Your objective: Every line from the one with "x] c(2)[of k]" to the one with "by (intro LIMSEQ_le_const[OF", including those two, is to be copied exactly; all other lines of the entries below are left out.
┌─ Records to process
lemma proximinal_if_spherically_complete:
  assumes "spherically_complete nrm N" and "N \<noteq> {}"
  shows "proximinal nrm N"
  unfolding proximinal_def
proof
  fix x
  define d where "d = (INF z\<in>N. nrm (x - z))"
  define r where "r k = d + inverse (real (Suc k))" for k
  have bdd: "bdd_below ((\<lambda>z. nrm (x - z)) ` N)"
    by (rule bdd_belowI[of _ 0]) (auto simp: norm_nonneg)
  have d_le: "d \<le> nrm (x - z)" if "z \<in> N" for z
    unfolding d_def using cINF_lower[OF bdd that] .
  have "\<exists>z\<in>N. nrm (x - z) < r k" for k
  proof -
    have "d < r k"
      by (simp add: r_def)
    then show ?thesis
      using cINF_less_iff[OF assms(2) bdd] by (simp add: d_def)
  qed
  then obtain c where c: "\<And>k. c k \<in> N" "\<And>k. nrm (x - c k) < r k"
    by metis
  have r_Suc_le: "r (Suc k) \<le> r k" for k
    by (simp add: r_def)
  have "d \<ge> 0"
    unfolding d_def using assms(2) by (intro cINF_greatest) (auto simp: norm_nonneg)
  then have r_nonneg: "r k \<ge> 0" for k
    by (simp add: r_def)
  \<comment> \<open>All these balls contain x in the ambient space, and ultrametric balls with a common
    point are nested according to their radii.\<close>
  have "cball_in nrm N (c (Suc k)) (r (Suc k)) \<subseteq> cball_in nrm N (c k) (r k)" for k
  proof (rule cball_in_subset)
    show "nrm (c (Suc k) - c k) \<le> r k"
      using norm_diff_le_max[of "c (Suc k)" "c k" x] c(2)[of k] c(2)[of "Suc k"] r_Suc_le[of k]
      by (simp add: norm_minus_commute[of "c (Suc k)" x])
  qed (rule r_Suc_le)
  then have "(\<Inter>k. cball_in nrm N (c k) (r k)) \<noteq> {}"
    using assms(1) c(1) r_nonneg by (simp add: spherically_complete_def)
  then obtain y where y: "\<And>k. y \<in> cball_in nrm N (c k) (r k)"
    by blast
  have "nrm (x - y) \<le> r k" for k
  proof -
    have "max (nrm (x - c k)) (nrm (c k - y)) \<le> r k"
      using y[of k] c(2)[of k] by (simp add: cball_in_def norm_minus_commute[of y])
    then show ?thesis
      using norm_diff_le_max[of x y "c k"] by linarith
  qed
  then have "nrm (x - y) \<le> d"
    by (intro LIMSEQ_le_const[OF LIMSEQ_inverse_real_of_nat_add]) (auto simp: r_def)
  with y[of 0] d_le show "\<exists>y. best_approximation nrm N x y"
    by (force simp: best_approximation_def cball_in_def)
qed

lemma nested_cball_in_centre_dist:
  assumes "\<And>n. c n \<in> M" and "\<And>n. r n \<ge> 0"
    and "\<And>n. cball_in nrm M (c (Suc n)) (r (Suc n)) \<subseteq> cball_in nrm M (c n) (r n)"
    and "k \<le> l"
  shows "nrm (c l - c k) \<le> Min (r ` {..k})"
proof -
  have "Min (r ` {..k}) \<in> r ` {..k}"
    by (rule Min_in) auto
  then obtain j where j: "j \<le> k" "Min (r ` {..k}) = r j"
    by (metis atMost_iff imageE)
  have "c m \<in> cball_in nrm M (c j) (r j)" if "j \<le> m" for m
  proof -
    have "c m \<in> cball_in nrm M (c m) (r m)"
      using assms(1,2) by (simp add: cball_in_def)
    also have "\<dots> \<subseteq> cball_in nrm M (c j) (r j)"
      using lift_Suc_antimono_le[of "\<lambda>n. cball_in nrm M (c n) (r n)", OF assms(3) that] .
    finally show ?thesis .
  qed
  then have "nrm (c l - c j) \<le> r j" "nrm (c k - c j) \<le> r j"
    using j(1) assms(4) by (auto simp: cball_in_def)
  then have "max (nrm (c l - c j)) (nrm (c j - c k)) \<le> r j"
    by (simp add: norm_minus_commute[of "c j" "c k"])
  then show ?thesis
    using norm_diff_le_max[of "c l" "c k" "c j"] j(2) by linarith
qed

lemma spherically_complete_if_proximinal:
  assumes "spherically_complete nrm UNIV" and "proximinal nrm M"
  shows "spherically_complete nrm M"
  unfolding spherically_complete_def
proof (intro allI impI)
  fix c r
  assume "(\<forall>n. c n \<in> M \<and> 0 \<le> r n) \<and>
    (\<forall>n. cball_in nrm M (c (Suc n)) (r (Suc n)) \<subseteq> cball_in nrm M (c n) (r n))"
  then have c: "\<And>n. c n \<in> M" and r: "\<And>n. r n \<ge> 0"
    and nested: "\<And>n. cball_in nrm M (c (Suc n)) (r (Suc n)) \<subseteq> cball_in nrm M (c n) (r n)"
    by auto
  \<comment> \<open>Inclusion of balls in M does not make the radii decrease; their running minima do.\<close>
  define \<rho> where "\<rho> k = Min (r ` {..k})" for k
  have \<rho>_le: "\<rho> k \<le> r k" for k
    by (simp add: \<rho>_def)
  have "cball_in nrm UNIV (c (Suc k)) (\<rho> (Suc k)) \<subseteq> cball_in nrm UNIV (c k) (\<rho> k)" for k
  proof (rule cball_in_subset)
    show "nrm (c (Suc k) - c k) \<le> \<rho> k"
      unfolding \<rho>_def by (rule nested_cball_in_centre_dist[where c = c and r = r, OF c r nested]) simp
    show "\<rho> (Suc k) \<le> \<rho> k"
      unfolding \<rho>_def by (rule Min_antimono) auto
  qed
  moreover have "\<rho> k \<ge> 0" for k
    using r by (simp add: \<rho>_def)
  ultimately have "(\<Inter>k. cball_in nrm UNIV (c k) (\<rho> k)) \<noteq> {}"
    using assms(1) by (simp add: spherically_complete_def)
  then obtain x where x: "\<And>k. nrm (x - c k) \<le> \<rho> k"
    by (auto simp: cball_in_def)
  obtain y where y: "best_approximation nrm M x y"
    using assms(2) by (auto simp: proximinal_def)
  have "y \<in> cball_in nrm M (c k) (r k)" for k
  proof (rule ccontr)
    assume "y \<notin> cball_in nrm M (c k) (r k)"
    then have "r k < nrm (y - c k)"
      using y by (auto simp: best_approximation_def cball_in_def)
    moreover have "nrm (y - c k) \<le> max (nrm (x - y)) (nrm (x - c k))"
      using norm_diff_le_max[of y "c k" x] by (simp add: norm_minus_commute[of y x])
    ultimately have "nrm (x - c k) < nrm (x - y)"
      using x[of k] \<rho>_le[of k] by linarith
    with y c[of k] show False
      by (auto simp: best_approximation_def not_le[symmetric])
  qed
  then show "(\<Inter>n. cball_in nrm M (c n) (r n)) \<noteq> {}"
    by blast
qed

lemma immediate_span_insert:
  assumes "subspace M" and no_best: "\<nexists>y. best_approximation nrm M x y"
  shows "immediate nrm id M (span (insert x M))"
proof -
  have closer: "\<exists>c\<in>M. nrm (x - c) < nrm (x - p)" if "p \<in> M" for p
    using no_best that by (auto simp: best_approximation_def not_le)
  have "\<exists>m\<in>M. nrm (v - m) < nrm v" if v: "v \<in> span (insert x M)" "v \<noteq> 0" for v
  proof -
    obtain k where "v - sc k x \<in> span M"
      using v(1) by (auto simp: span_insert)
    then have k: "v - sc k x \<in> M"
      using assms(1) by (metis span_eq_iff)
    show ?thesis
    proof (cases "k = 0")
      case True
      then show ?thesis
        using k v(2) by (intro bexI[of _ v]) (auto simp: norm_pos_iff)
    next
      case False
      define p where "p = sc (- inverse k) (v - sc k x)"
      have "p \<in> M"
        using k assms(1) by (simp add: p_def subspace_scale subspace_neg)
      then obtain c where c: "c \<in> M" "nrm (x - c) < nrm (x - p)"
        using closer by blast
      have "v = sc k (x - p)"
        using False by (simp add: p_def scale_right_diff_distrib)
      moreover have "v - ((v - sc k x) + sc k c) = sc k (x - c)"
        by (simp add: scale_right_diff_distrib)
      moreover have "(v - sc k x) + sc k c \<in> M"
        using k c(1) assms(1) by (simp add: subspace_add subspace_scale)
      ultimately show ?thesis
        using c(2) absK_pos[OF False] by (metis norm_scale mult_strict_left_mono)
    qed
  qed
  then show ?thesis
    using assms(1) by (simp add: immediate_iff subspace_0)
qed

lemma proximinal_if_maximal_immediate:
  assumes "subspace M" and "0 \<in> A" and "immediate nrm id A M"
    and maximal: "\<And>N. subspace N \<Longrightarrow> M \<subseteq> N \<Longrightarrow> immediate nrm id A N \<Longrightarrow> N = M"
  shows "proximinal nrm M"
  unfolding proximinal_def
proof (rule allI, rule ccontr)
  fix x
  assume no_best: "\<nexists>y. best_approximation nrm M x y"
  have "immediate nrm id A (span (insert x M))"
    using immediate_trans[OF assms(2) subspace_0[OF assms(1)] assms(3)]
      immediate_span_insert[OF assms(1) no_best] .
  then have "span (insert x M) = M"
    by (intro maximal) (auto intro: span_base)
  then have "x \<in> M"
    using span_superset by blast
  then have "best_approximation nrm M x x"
    by (simp add: best_approximation_def norm_nonneg)
  with no_best show False
    by blast
qed

lemma immediate_subspace_eq_if_spherically_complete:
  assumes "subspace M" and "subspace N" and "0 \<in> A" and "A \<subseteq> N" and "N \<subseteq> M"
    and "immediate nrm id A M" and "spherically_complete nrm N"
  shows "N = M"
proof
  show "M \<subseteq> N"
  proof
    fix x assume "x \<in> M"
    have "proximinal nrm N"
      using assms(2,7) subspace_0 by (auto intro: proximinal_if_spherically_complete)
    then obtain y where "best_approximation nrm N x y"
      by (auto simp: proximinal_def)
    then have y: "y \<in> N" "\<And>z. z \<in> N \<Longrightarrow> nrm (x - y) \<le> nrm (x - z)"
      by (auto simp: best_approximation_def)
    have "x - y = 0"
    proof (rule ccontr)
      assume "x - y \<noteq> 0"
      moreover have "x - y \<in> M"
        using \<open>x \<in> M\<close> y(1) assms(1,5) subspace_diff by blast
      ultimately obtain w where w: "w \<in> A" "nrm (x - y - w) < nrm (x - y)"
        using assms(3,6) by (auto simp: immediate_iff)
      have "y + w \<in> N"
        using y(1) w(1) assms(2,4) subspace_add by blast
      with y(2) w(2) show False
        by (fastforce simp: diff_diff_eq)
    qed
    with y(1) show "x \<in> N"
      by simp
  qed
qed (rule assms(5))

lemma maximal_immediate_extension_exists:
  assumes "subspace A"
  defines "S \<equiv> {M. subspace M \<and> A \<subseteq> M \<and> immediate nrm id A M}"
  shows "\<exists>M\<in>S. \<forall>N\<in>S. M \<subseteq> N \<longrightarrow> N = M"
proof (rule subset_Zorn_nonempty)
  show "S \<noteq> {}"
    using assms(1) subspace_0[OF assms(1)] immediate_self unfolding S_def by blast
next
  fix C assume C: "C \<noteq> {}" "subset.chain S C"
  then have "C \<subseteq> S"
    by (simp add: subset_chain_def)
  have "subspace (\<Union>C)"
    using C by (intro subspace_Union_chain) (auto simp: S_def subset_chain_def)
  moreover have "A \<subseteq> \<Union>C"
    using \<open>C \<subseteq> S\<close> C(1) by (auto simp: S_def)
  moreover have "immediate nrm id A (\<Union>C)"
    using \<open>C \<subseteq> S\<close> by (intro immediate_Union) (auto simp: S_def)
  ultimately show "\<Union>C \<in> S"
    by (simp add: S_def)
qed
└─
Solved exercise:
      using norm_diff_le_max[of "c (Suc k)" "c k" x] c(2)[of k] c(2)[of "Suc k"] r_Suc_le[of k]
      by (simp add: norm_minus_commute[of "c (Suc k)" x])
  qed (rule r_Suc_le)
  then have "(\<Inter>k. cball_in nrm N (c k) (r k)) \<noteq> {}"
    using assms(1) c(1) r_nonneg by (simp add: spherically_complete_def)
  then obtain y where y: "\<And>k. y \<in> cball_in nrm N (c k) (r k)"
    by blast
  have "nrm (x - y) \<le> r k" for k
  proof -
    have "max (nrm (x - c k)) (nrm (c k - y)) \<le> r k"
      using y[of k] c(2)[of k] by (simp add: cball_in_def norm_minus_commute[of y])
    then show ?thesis
      using norm_diff_le_max[of x y "c k"] by linarith
  qed
  then have "nrm (x - y) \<le> d"
    by (intro LIMSEQ_le_const[OF LIMSEQ_inverse_real_of_nat_add]) (auto simp: r_def)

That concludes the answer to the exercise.